Written by Onan Coca
An amazing story is continuing to play out after more than three years of winding its way through American courts. Craig Patty is the owner of a North Texas trucking company who ran afoul of the Zetas Cartel a few years back and never even realized it! It all started with an early morning phone call that just about floored the Texas business owner…
The driver was supposed to have delivered Patty’s truck to a local repair shop for some work, instead the driver loaded the rig full of marijuana and headed towards a planned drug sting where the driver wound up dying after a shootout with a terrifying cartel.
All of this happened without Patty’s knowledge.

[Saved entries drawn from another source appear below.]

lemma highly_transitive_imp_primitive:
  assumes ht: "highly_transitive_action X \<beta> \<tau>"
  shows "primitive_action X \<beta> \<tau>"
  unfolding primitive_action_def
proof (intro allI impI)
  fix R
  assume R: "equiv X R \<and> (\<forall>g\<in>gmaps X \<beta> \<tau>. \<forall>(x, y)\<in>R. (g x, g y) \<in> R)"
  then have R_sub: "R \<subseteq> X \<times> X" and R_refl: "\<And>x. x \<in> X \<Longrightarrow> (x, x) \<in> R"
    by (auto simp: equiv_def refl_on_def)
  show "R = Id_on X \<or> R = X \<times> X"
  proof (rule ccontr)
    assume "\<not> ?thesis"
    then have "\<not> R \<subseteq> Id_on X" "\<not> X \<times> X \<subseteq> R" using R_sub R_refl by auto
    obtain x y where xy: "(x, y) \<in> R" "x \<noteq> y" using \<open>\<not> R \<subseteq> Id_on X\<close> R_sub by auto
    obtain u v where uv: "u \<in> X" "v \<in> X" "(u, v) \<notin> R" using \<open>\<not> X \<times> X \<subseteq> R\<close> by auto
    have "u \<noteq> v" using uv R_refl by blast
    have "length [x, y] = 2 \<and> length [u, v] = 2 \<and> distinct [x, y] \<and> distinct [u, v] \<and>
        set [x, y] \<subseteq> X \<and> set [u, v] \<subseteq> X \<longrightarrow> (\<exists>g\<in>gmaps X \<beta> \<tau>. map g [x, y] = [u, v])"
      using ht unfolding highly_transitive_action_def by blast
    then obtain g where "g \<in> gmaps X \<beta> \<tau>" "g x = u" "g y = v"
      using xy uv \<open>u \<noteq> v\<close> R_sub by auto
    then show False using R xy uv by fastforce
  qed
qed

lemma phenotype_prime_witness:
  assumes b: "bij_betw \<beta> X X" and x0: "x0 \<in> X"
    and "phenotype m n X \<beta> x0 \<noteq> 1" and "phenotype m n X \<beta> x0 \<noteq> \<infinity>"
  obtains L and P :: int where "zpw_period X \<beta> x0 L" and "prime P"
    and "multiplicity P m = multiplicity P n" and "multiplicity P L > multiplicity P n"
proof -
  have "b_index X \<beta> x0 \<noteq> \<infinity>"
  proof
    assume "b_index X \<beta> x0 = \<infinity>"
    with assms(4) show False by (simp add: phenotype_def Ph_def)
  qed
  then obtain L where L: "zpw_period X \<beta> x0 L"
    using b_index_finite_imp_period[OF b x0] by blast
  let ?S = "{p::nat. prime p \<and> multiplicity (int p) m = multiplicity (int p) n
                    \<and> multiplicity p (nat L) > multiplicity (int p) n}"
  have ph: "phenotype m n X \<beta> x0 = enat (\<Prod>p\<in>?S. p ^ multiplicity p (nat L))"
    using L by (simp add: phenotype_def Ph_def b_index_eq_period)
  have "?S \<noteq> {}"
  proof
    assume "?S = {}"
    with ph have "phenotype m n X \<beta> x0 = 1" unfolding \<open>?S = {}\<close> by (simp add: one_enat_def)
    with assms(3) show False ..
  qed
  then obtain p where p: "p \<in> ?S" by blast
  have "0 < L" using L by (simp add: zpw_period_def)
  with p multiplicity_int_int[of p "nat L"] show ?thesis
    by (intro that[OF L, of "int p"]) simp_all
qed

theorem mainTheorem14:
  fixes m n :: int and q :: enat and X :: "'a set" and \<beta> \<tau> :: "'a \<Rightarrow> 'a" and x0 :: 'a
  assumes "m \<noteq> 0" and "n \<noteq> 0"
    and "is_phenotype m n q" and "q \<noteq> 1" and "q \<noteq> \<infinity>"
    and "BS_action m n X \<beta> \<tau>" and "transitive_action X \<beta> \<tau>" and "infinite X"
    and "x0 \<in> X" and "phenotype m n X \<beta> x0 = q"
  shows "\<not> primitive_action X \<beta> \<tau> \<and> \<not> highly_transitive_action X \<beta> \<tau>"
proof -
  note A = assms(6) and b = BS_action_bij(1)[OF assms(6)]
  obtain L and P :: int where L: "zpw_period X \<beta> x0 L" and P: "prime P"
    and e: "multiplicity P m = multiplicity P n" and vL: "multiplicity P L > multiplicity P n"
    using phenotype_prime_witness[OF b assms(9)] assms(4,5,10) by metis
  have "period_multiplicity_gt X \<beta> P (multiplicity P n) x" if "x \<in> X" for x
  proof -
    obtain g where "g \<in> gmaps X \<beta> \<tau>" "g x0 = x" using assms(7,9) \<open>x \<in> X\<close> by (auto simp: transitive_action_def)
    with L vL show ?thesis using period_multiplicity_gt_gmaps[OF A P assms(1,2) e _ assms(9)]
      by (auto simp: period_multiplicity_gt_def)
  qed
  then have "\<forall>g\<in>gmaps X \<beta> \<tau>. \<forall>(x, y)\<in>block_rel X \<beta> P. (g x, g y) \<in> block_rel X \<beta> P"
    using block_rel_gmaps[OF A P assms(1,2) e] by blast
  moreover have "P dvd L" using vL not_dvd_imp_multiplicity_0 by fastforce
  moreover have "block_rel X \<beta> P \<noteq> X \<times> X"
    using block_rel_ne_Times[OF b assms(9) L assms(8)] .
  ultimately have "\<not> primitive_action X \<beta> \<tau>"
    unfolding primitive_action_def
    using block_rel_equiv[OF b] block_rel_ne_Id_on[OF assms(9) L P] by blast
  then show ?thesis using highly_transitive_imp_primitive by blast
qed

end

Apparently, the Drug Enforcement Agency was using Patty’s driver as an undercover informant in an effort to get at the Zetas Cartel. Sadly, the DEA operation was a failure and instead Patty’s employee died, his truck suffered more than $100,000 of damage (including a lot of bullet holes) — and the DEA walked away without so much as an apology.
To make matters worse, Patty’s insurance company also refused to pay for the damage to the vehicle because it was used in a law enforcement operation. So Patty did what anyone stuck in this situation would do; he sued. After all, how could the government possibly be allowed to use his privately owned property without his consent? Moreover, how could they destroy that property without having to pay for it?

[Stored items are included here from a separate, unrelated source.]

lemma decodable_block_step:
  assumes "3 \<le> n" "m = n + i" "0 < c"
    and "separated_avoiding_tail_row n c B" "decodable 3 n c B"
  shows "decodable 3 m (3 + i * c) (block_step m i c B)"
  unfolding decodable_iff
proof (intro allI impI)
  fix S assume S: "S \<subseteq> {..<3 + i * c}" "S \<noteq> {}" "card S \<le> 3"
  let ?A = "block_step m i c B"
  have im: "i \<le> m - 3" using assms by simp
  have "finite S" using S(1) finite_subset by blast
  show "\<exists>r<m. card {j \<in> S. ?A r j} = 1"
  proof (cases "S \<subseteq> {..<3}")
    case True
    obtain x where "x \<in> S" using S(2) by blast
    then have "{j \<in> S. ?A (m - 3 + x) j} = {x}" and "m - 3 + x < m"
      using True assms by (auto simp: block_step_left)
    then show ?thesis by (intro exI[of _ "m - 3 + x"]) auto
  next
    case False
    then obtain x where x: "x \<in> S" "3 \<le> x" by force
    define T where "T = {j \<in> S. 3 \<le> j \<and> (j - 3) div c = (x - 3) div c}"
    have "x \<in> T" "T \<subseteq> S" "finite T" using x \<open>finite S\<close> by (auto simp: T_def)
    show ?thesis
    proof (cases "T = {x}")
      case True
      then show ?thesis
        using unique_row_alone_in_block[OF im x] S(1) x(1) unfolding T_def by blast
    next
      case False
      then obtain x' where "x' \<in> T" "x' \<noteq> x" using \<open>x \<in> T\<close> by blast
      then have "card {x, x'} \<le> card T" using \<open>x \<in> T\<close> \<open>finite T\<close> by (intro card_mono) auto
      then have "2 \<le> card T" using \<open>x' \<noteq> x\<close> by simp
      then consider "S = T" | y where "y \<notin> T" "S = insert y T"
        using finite_subset_card_le_Suc[OF \<open>finite S\<close> \<open>T \<subseteq> S\<close>] S(3) by fastforce
      then show ?thesis
      proof cases
        case 1
        then show ?thesis
          using unique_row_in_one_block[OF assms(5,2,3) S(2,3)] unfolding T_def by blast
      next
        case (2 y)
        then have "card T = 2" using S(3) \<open>finite T\<close> \<open>2 \<le> card T\<close> by simp
        then obtain a a' where a: "T = {a, a'}" "a \<noteq> a'" by (meson card_2_iff)
        show ?thesis
        proof (cases "y < 3")
          case True
          have "a \<in> T" "a' \<in> T" using a(1) by auto
          then have same_block: "3 \<le> a" "3 \<le> a'" "(a - 3) div c = (a' - 3) div c"
            unfolding T_def by auto
          have "S = {y, a, a'}" using 2(2) a(1) by simp
          then show ?thesis
            using unique_row_pair_in_block_and_left[OF assms(4,1,2,3) True a(2) same_block]
            by (simp only:)
        next
          case False
          then have "y \<in> S" "3 \<le> y" "y < 3 + i * c" using 2(2) S(1) by auto
          moreover have "j = y"
            if "j \<in> S" "3 \<le> j" "(j - 3) div c = (y - 3) div c" for j
            using that 2 \<open>y \<in> S\<close> \<open>3 \<le> y\<close> unfolding T_def by auto
          ultimately show ?thesis using unique_row_alone_in_block[OF im] by blast
        qed
      qed
    qed
  qed
qed

lemma separated_avoiding_tail_row_cong:
  assumes "\<And>r j. r < n \<Longrightarrow> j < k \<Longrightarrow> A r j = A' r j"
  shows "separated_avoiding_tail_row n k A \<longleftrightarrow> separated_avoiding_tail_row n k A'"
proof -
  have "A r a \<noteq> A r b \<longleftrightarrow> A' r a \<noteq> A' r b" if "r < n" "a < k" "b < k" for r a b
    using that assms by simp
  then show ?thesis unfolding separated_avoiding_tail_row_def by blast
qed

lemma decodable_cong:
  assumes "\<And>r j. r < rows \<Longrightarrow> j < cols \<Longrightarrow> A r j = A' r j"
  shows "decodable d rows cols A \<longleftrightarrow> decodable d rows cols A'"
proof -
  have "{j \<in> S. A r j} = {j \<in> S. A' r j}" if "S \<subseteq> {..<cols}" "r < rows" for S r
    using that assms by auto
  then show ?thesis unfolding decodable_iff by (simp cong: conj_cong)
qed

lemma ncols_ge_3: "3 \<le> n \<Longrightarrow> 3 \<le> ncols n"
  by (subst ncols.simps) auto

lemma ncols_3: "ncols 3 = 4"
  by (subst ncols.simps) simp

lemma ncols_valid_choice:
  assumes "valid_choice ch" "5 \<le> m"
  shows "ncols m = 3 + ch m * ncols (m - ch m)"
proof -
  have "ch m \<in> {2..m-3}" "\<forall>i\<in>{2..m-3}. i * ncols (m - i) \<le> ch m * ncols (m - ch m)"
    using assms unfolding valid_choice_def by auto
  then have "Max ((\<lambda>i. i * ncols (m - i)) ` {2..m-3}) = ch m * ncols (m - ch m)"
    by (intro Max_eqI) auto
  then show ?thesis using assms(2) by (subst ncols.simps) simp
qed

lemma Mmat_3: "Mmat ch 3 r j \<longleftrightarrow> j = r \<or> j = 3"
  by (subst Mmat.simps) simp

lemma separated_avoiding_tail_row_Mmat_3: "separated_avoiding_tail_row 3 4 (Mmat ch 3)"
  unfolding separated_avoiding_tail_row_def Mmat_3
proof (intro allI impI)
  fix a b \<rho> :: nat assume "a < 4" "b < 4" "a \<noteq> b"
  then have "a \<in> {0, 1, 2, 3}" "b \<in> {0, 1, 2, 3}" by auto
  then have "(0 \<noteq> \<rho> \<and> ((a = 0 \<or> a = 3) \<noteq> (b = 0 \<or> b = 3))) \<or>
      (1 \<noteq> \<rho> \<and> ((a = 1 \<or> a = 3) \<noteq> (b = 1 \<or> b = 3))) \<or>
      (2 \<noteq> \<rho> \<and> ((a = 2 \<or> a = 3) \<noteq> (b = 2 \<or> b = 3)))"
    using \<open>a \<noteq> b\<close> by auto
  moreover have "0 < (3::nat)" "1 < (3::nat)" "2 < (3::nat)" by simp_all
  ultimately show "\<exists>r<3. r \<noteq> \<rho> \<and> (a = r \<or> a = 3) \<noteq> (b = r \<or> b = 3)"
    by blast
qed

lemma decodable_Mmat_3: "decodable 3 3 4 (Mmat ch 3)"
  unfolding decodable_iff Mmat_3
proof (intro allI impI)
  fix S :: "nat set" assume S: "S \<subseteq> {..<4}" "S \<noteq> {}" "card S \<le> 3"
  show "\<exists>r<3. card {j \<in> S. j = r \<or> j = 3} = 1"
  proof (cases "3 \<in> S")
    case False
    obtain x where "x \<in> S" using S(2) by blast
    moreover have "x < 3" using \<open>x \<in> S\<close> S(1) False by (cases "x = 3") auto
    moreover have "{j \<in> S. j = x \<or> j = 3} = {x}" using \<open>x \<in> S\<close> False by auto
    ultimately show ?thesis by auto
  next
    case True
    have "\<not> {0, 1, 2, 3} \<subseteq> S"
    proof
      assume "{0, 1, 2, 3} \<subseteq> S"
      then have "card {0, 1, 2, 3 :: nat} \<le> card S"
        using finite_subset[OF S(1)] by (intro card_mono) auto
      then show False using S(3) by simp
    qed
    then obtain r where "r \<in> {0, 1, 2}" "r \<notin> S" using True by blast
    then have "r < 3" "{j \<in> S. j = r \<or> j = 3} = {3}" using True by auto
    then show ?thesis by auto
  qed
qed

lemma Mmat_recursion:
  assumes "valid_choice ch" "4 \<le> m"
  obtains i where "1 \<le> i" "3 \<le> m - i" "ncols m = 3 + i * ncols (m - i)"
    "\<And>r j. r < m \<Longrightarrow> j < ncols m \<Longrightarrow>
       Mmat ch m r j = block_step m i (ncols (m - i)) (Mmat ch (m - i)) r j"
proof (cases "m = 4")
  case True
  have "ncols 4 = 3 + 1 * ncols 3" by (subst ncols.simps) (simp add: ncols_3)
  moreover have "Mmat ch 4 r j = block_step 4 1 (ncols 3) (Mmat ch 3) r j" if "j < 7" for r j
    using that by (subst Mmat.simps) (auto simp: block_step_def ncols_3)
  ultimately show ?thesis using True that[of 1] by (simp add: ncols_3)
next
  case False
  then have "5 \<le> m" using assms(2) by simp
  then have "ch m \<in> {2..m-3}" "idx ch m = ch m"
    using assms(1) by (auto simp: valid_choice_def idx_def)
  moreover have
    "Mmat ch m r j = block_step m (idx ch m) (ncols (m - idx ch m)) (Mmat ch (m - idx ch m)) r j"
    for r j using \<open>5 \<le> m\<close> by (subst Mmat.simps) (simp add: Let_def block_step_def)
  ultimately show ?thesis
    using ncols_valid_choice[OF assms(1) \<open>5 \<le> m\<close>] \<open>5 \<le> m\<close>
    by (intro that[of "ch m"]) auto
qed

Three years after the fact and a judge has finally ruled… the government CAN steal your truck, load it with drugs, then destroy your truck all while making you a very suspicious character with a local (and terrifying) drug cartel and then NOT PAY YOU A SINGLE DIME.

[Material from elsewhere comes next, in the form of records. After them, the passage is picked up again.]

lemma nn_integral_Gamma_eq:
  fixes mu :: "nat \<Rightarrow> real" and w :: "real \<Rightarrow> ennreal"
  assumes mu: "\<And>k. k \<in> {1..N} \<Longrightarrow> 0 \<le> mu k" "(\<Sum>k\<in>{1..N}. mu k) = 1"
    and c: "c \<in> {1..N}" "0 < mu c" and w: "w \<in> borel_measurable borel"
  shows "(\<integral>\<^sup>+x. w (x c) * indicator {x. Gamma N x mu = c} x \<partial>PiM {1..N} (\<lambda>_. uniform01))
       = (\<integral>\<^sup>+u. w u * ennreal (u powr ((1 - mu c) / mu c)) \<partial>uniform01)"
    (is "?lhs = ?rhs")
proof -
  let ?Q = "PiM {1..N} (\<lambda>_::nat. uniform01)" and ?W = "{1..N} - {c}"
  (* The event Gamma N x mu = c lies between the races with strict and with non-strict
     thresholds, which have the same integral. *)
  define race where "race R = (\<integral>\<^sup>+x. w (x c) *
    indicator {x. \<forall>j\<in>?W. R (x j) (x c powr (mu j / mu c))} x \<partial>?Q)" for R :: "real \<Rightarrow> real \<Rightarrow> bool"
  have race_eq: "race R = ?rhs"
    if "Measurable.pred (borel \<Otimes>\<^sub>M borel) (\<lambda>z. R (fst z) (snd z))"
      and "\<And>t. 0 \<le> t \<Longrightarrow> t \<le> 1 \<Longrightarrow> emeasure uniform01 {v. R v t} = t"
    for R :: "real \<Rightarrow> real \<Rightarrow> bool"
  proof -
    have W: "finite ?W" "c \<notin> ?W"
      by auto
    have a: "0 \<le> mu j / mu c" if "j \<in> ?W" for j
      using mu(1) that c(2) by simp
    have "insert c ?W = {1..N}"
      using c by auto
    moreover have "(\<Sum>j\<in>?W. mu j / mu c) = (1 - mu c) / mu c"
      using mu(2) c(1) by (simp add: sum_divide_distrib[symmetric] sum_diff1)
    ultimately show ?thesis
      using nn_integral_PiM_uniform01_race[OF W a that w] by (simp add: race_def)
  qed
  have "AE x in ?Q. \<forall>k\<in>{1..N}. 0 < x k \<and> x k < 1"
  proof (rule AE_finite_allI)
    fix k
    assume "k \<in> {1..N}"
    then show "AE x in ?Q. 0 < x k \<and> x k < 1"
      by (rule AE_PiM_component[OF prob_space_uniform01 _ AE_uniform01_between])
  qed simp
  then have sandwich: "AE x in ?Q. ((\<forall>j\<in>?W. x j < x c powr (mu j / mu c)) \<longrightarrow> Gamma N x mu = c)
      \<and> (Gamma N x mu = c \<longrightarrow> (\<forall>j\<in>?W. x j \<le> x c powr (mu j / mu c)))"
  proof eventually_elim
    case (elim x)
    have xc: "0 < x c"
      using elim c(1) by blast
    have xj: "0 < x j" "x j < 1" if "j \<in> {1..N}" for j
      using elim that by blast+
    have less: "expmin_cost x mu c < expmin_cost x mu j \<longleftrightarrow> x j < x c powr (mu j / mu c)"
      and le: "expmin_cost x mu c \<le> expmin_cost x mu j \<longleftrightarrow> x j \<le> x c powr (mu j / mu c)"
      if "j \<in> {1..N}" for j
      using xc xj[OF that] c(2) mu(1)[OF that]
      by (rule expmin_cost_less_iff_powr, rule expmin_cost_le_iff_powr)
    show ?case
    proof (intro conjI impI)
      assume strict: "\<forall>j\<in>?W. x j < x c powr (mu j / mu c)"
      show "Gamma N x mu = c"
      proof (rule Gamma_eqI[OF c(1)])
        fix j
        assume "j \<in> {1..N}" "j \<noteq> c"
        with strict show "expmin_cost x mu c < expmin_cost x mu j"
          using less[of j] by blast
      qed
    next
      assume Gamma: "Gamma N x mu = c"
      show "\<forall>j\<in>?W. x j \<le> x c powr (mu j / mu c)"
      proof
        fix j
        assume j: "j \<in> ?W"
        then have "expmin_cost x mu c \<le> expmin_cost x mu j"
          using expmin_cost_Gamma_le[of j N x mu] Gamma by simp
        then show "x j \<le> x c powr (mu j / mu c)"
          using le j by simp
      qed
    qed
  qed
  have mono: "(\<integral>\<^sup>+x. w (x c) * indicator {x. P x} x \<partial>?Q) \<le> (\<integral>\<^sup>+x. w (x c) * indicator {x. P' x} x \<partial>?Q)"
    if "AE x in ?Q. P x \<longrightarrow> P' x" for P P'
  proof (rule nn_integral_mono_AE)
    from that show "AE x in ?Q. w (x c) * indicator {x. P x} x \<le> w (x c) * indicator {x. P' x} x"
      by eventually_elim (auto split: split_indicator)
  qed
  have "AE x in ?Q. (\<forall>j\<in>?W. x j < x c powr (mu j / mu c)) \<longrightarrow> Gamma N x mu = c"
    using sandwich by eventually_elim blast
  then have lower: "race (<) \<le> ?lhs"
    unfolding race_def by (rule mono)
  have "AE x in ?Q. Gamma N x mu = c \<longrightarrow> (\<forall>j\<in>?W. x j \<le> x c powr (mu j / mu c))"
    using sandwich by eventually_elim blast
  then have upper: "?lhs \<le> race (\<le>)"
    unfolding race_def by (rule mono)
  have "race (<) = ?rhs"
    by (rule race_eq) (simp, erule (1) emeasure_uniform01_less)
  moreover have "race (\<le>) = ?rhs"
    by (rule race_eq) (simp, erule (1) emeasure_uniform01_le)
  ultimately show ?thesis
    using lower upper by (intro antisym) simp_all
qed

A Houston-based federal judge ruled that the U.S. Drug Enforcement Administration does not owe the owner of a small Texas trucking company anything, not even the cost of repairing the bullet holes to a tractor-trailer truck that the agency used without his permission for a wild 2011 drug cartel sting that resulted in the execution-style murder of the truck’s driver, who was secretly working as a government informant.
The government argued that it is neither culpable for the damage nor under any obligation to inform the owner of any property that it wishes to use in its operations, because “clandestine.”
No statute, regulation, or policy “specifically prescribe[d]” or prohibited the course of action Patty alleges the DEA agents followed. The DEA derives its authority from the Controlled Substances Act, 21 U.S.C. § 801, its implementing regulations, and various executive orders…
In this case, Task Force Officer Villasana submitted a similar declaration. He states that the DEA’s decision “to proceed with such an operation is entirely discretionary, and not mandated by any statute, rule, or policy.” Whether and how to conduct such an undercover investigation and operation is “necessarily discretionary in nature.” Villasana did not try to give advance notice to Patty that the Task Force would be using his truck because of operation’s covert nature, the risks of injury and potential for damage if something went wrong, and the uncertainty about whether other individuals (including Patty) could be trusted.
Patty’s attorney summed it up perfectly.
A federally deputized corporal from the Houston Police Department decides to pay your small company’s driver to drive your truck to the Mexican border, load it up with illegal drugs, and try to catch some bad guys. He knows that the driver is lying to “the owner” – although he doesn’t know your name or identity and doesn’t bother to find out. The bad guys outwit the cops. Your company’s driver is killed. Your truck is riddled with bullet holes.
Query: is our federal government liable to pay for the damages to you and your property?
So watch out folks because the government may be coming to “borrow” your truck too.